Often the answer lies downstream—the further downstream you go, the purer the demand signal.

Product-Life-Cycle

Whether product introductions, midcourse sales, or end-of-life downslope, if you can get closer to the point of sale, you have an early signal of demand at each life cycle phase.

Data, Machine Learning, and Automation

New data sources and machine learning automation are also making improvements to forecasting the product life cycle.

For instance, social media can both fuel and demonstrate demand.

  • If the new product is on your website, you can track indicators such as the number of clicks or page views, or how much time they spend on detailed product descriptions.
  • If you’re announcing a replacement upgrade on Twitter, you can see how many tweets or retweets you get.
  • If you publish product news on Facebook or Instagram, you can count shares and likes as early indicators of an end-of-life slowdown.

This massive amount of data requires the right tools to manage it, which is where an effective automated or machine-learning-based solution comes in.

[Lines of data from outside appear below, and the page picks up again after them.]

lemma homology_perm_inverse:
  assumes "F \<in> FD VL EL VG EG \<phi>"
  obtains F' where "F' \<in> FD VL EL VG EG \<phi>"
    and "\<And>u. u \<in> VL \<Longrightarrow> homology_perm F (homology_perm F' u) = u"
    and "\<And>u. u \<in> VL \<Longrightarrow> homology_perm F' (homology_perm F u) = u"
proof -
  interpret FD: group "FD_group VL EL VG EG \<phi>" by (rule group_FD_group)
  define F' where "F' = inv\<^bsub>FD_group VL EL VG EG \<phi>\<^esub> F"
  have F': "F' \<in> FD VL EL VG EG \<phi>" using FD.inv_closed assms by (simp add: F'_def)
  have "F \<in> carrier (FD_group VL EL VG EG \<phi>)" using assms by simp
  then have "F \<otimes>\<^bsub>FD_group VL EL VG EG \<phi>\<^esub> F' = \<one>\<^bsub>FD_group VL EL VG EG \<phi>\<^esub>"
    and "F' \<otimes>\<^bsub>FD_group VL EL VG EG \<phi>\<^esub> F = \<one>\<^bsub>FD_group VL EL VG EG \<phi>\<^esub>"
    unfolding F'_def by (rule FD.r_inv, rule FD.l_inv)
  then have "compose (carrier (RAAG VL EL)) F F' = (\<lambda>P\<in>carrier (RAAG VL EL). P)"
    and "compose (carrier (RAAG VL EL)) F' F = (\<lambda>P\<in>carrier (RAAG VL EL). P)"
    using assms F' by simp_all
  then have FF': "compose VL (homology_perm F) (homology_perm F') = (\<lambda>u\<in>VL. u)"
    and F'F: "compose VL (homology_perm F') (homology_perm F) = (\<lambda>u\<in>VL. u)"
    using assms F' by (simp_all add: homology_perm_compose[symmetric] homology_perm_id)
  show ?thesis
  proof (rule that[OF F'])
    fix u assume "u \<in> VL"
    then show "homology_perm F (homology_perm F' u) = u" "homology_perm F' (homology_perm F u) = u"
      using compose_eq[of u VL "homology_perm F" "homology_perm F'"]
        compose_eq[of u VL "homology_perm F'" "homology_perm F"] by (simp_all add: FF' F'F)
  qed
qed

This technology effectively tracks and predicts demand, generating better forecasts and improving inventory management.

Forecasting over the entire product life cycle is still a challenge–but new methods, data and machine learning for supply chain forecasting are creating opportunities to make it more manageable.

Putting machine learning to work as part of your demand sensing solution can help you react to market changes faster, stay ahead of the competition, and create a more seamless customer experience.

See how Demand Sensing Could Improve My Business Outcomes →

Final Takeaways for a Strategic Product Forecasting Method

Let’s sum up here.

There are two main challenges in effectively forecasting customer demand, from new product introduction to end-of-life:

  • There is no sales history and early sale data can be deceptive.
  • You need enough inventory to satisfy customer demand when the product has hit the height of its maturity, but you want to avoid obsolescence during the end-of-life phase.

 

These 4 tips can help you refine your forecasting model, boost profit, and smoothly transition from one phase of the life cycle to the next:

  1. Don’t lean on manual processes where an arbitrary flip switches from one algorithm to the next without accounting for the available data and consumer behavior.
  2. Invest in tools that can handle large amount of information automatically and can create a clearer picture of demand.
  3. Keep an eye on downstream operations for the purest demand signal.
  4. Use machine learning and automation to understand data, track consumer engagements, and spot the trends that signal the next product life cycle stage.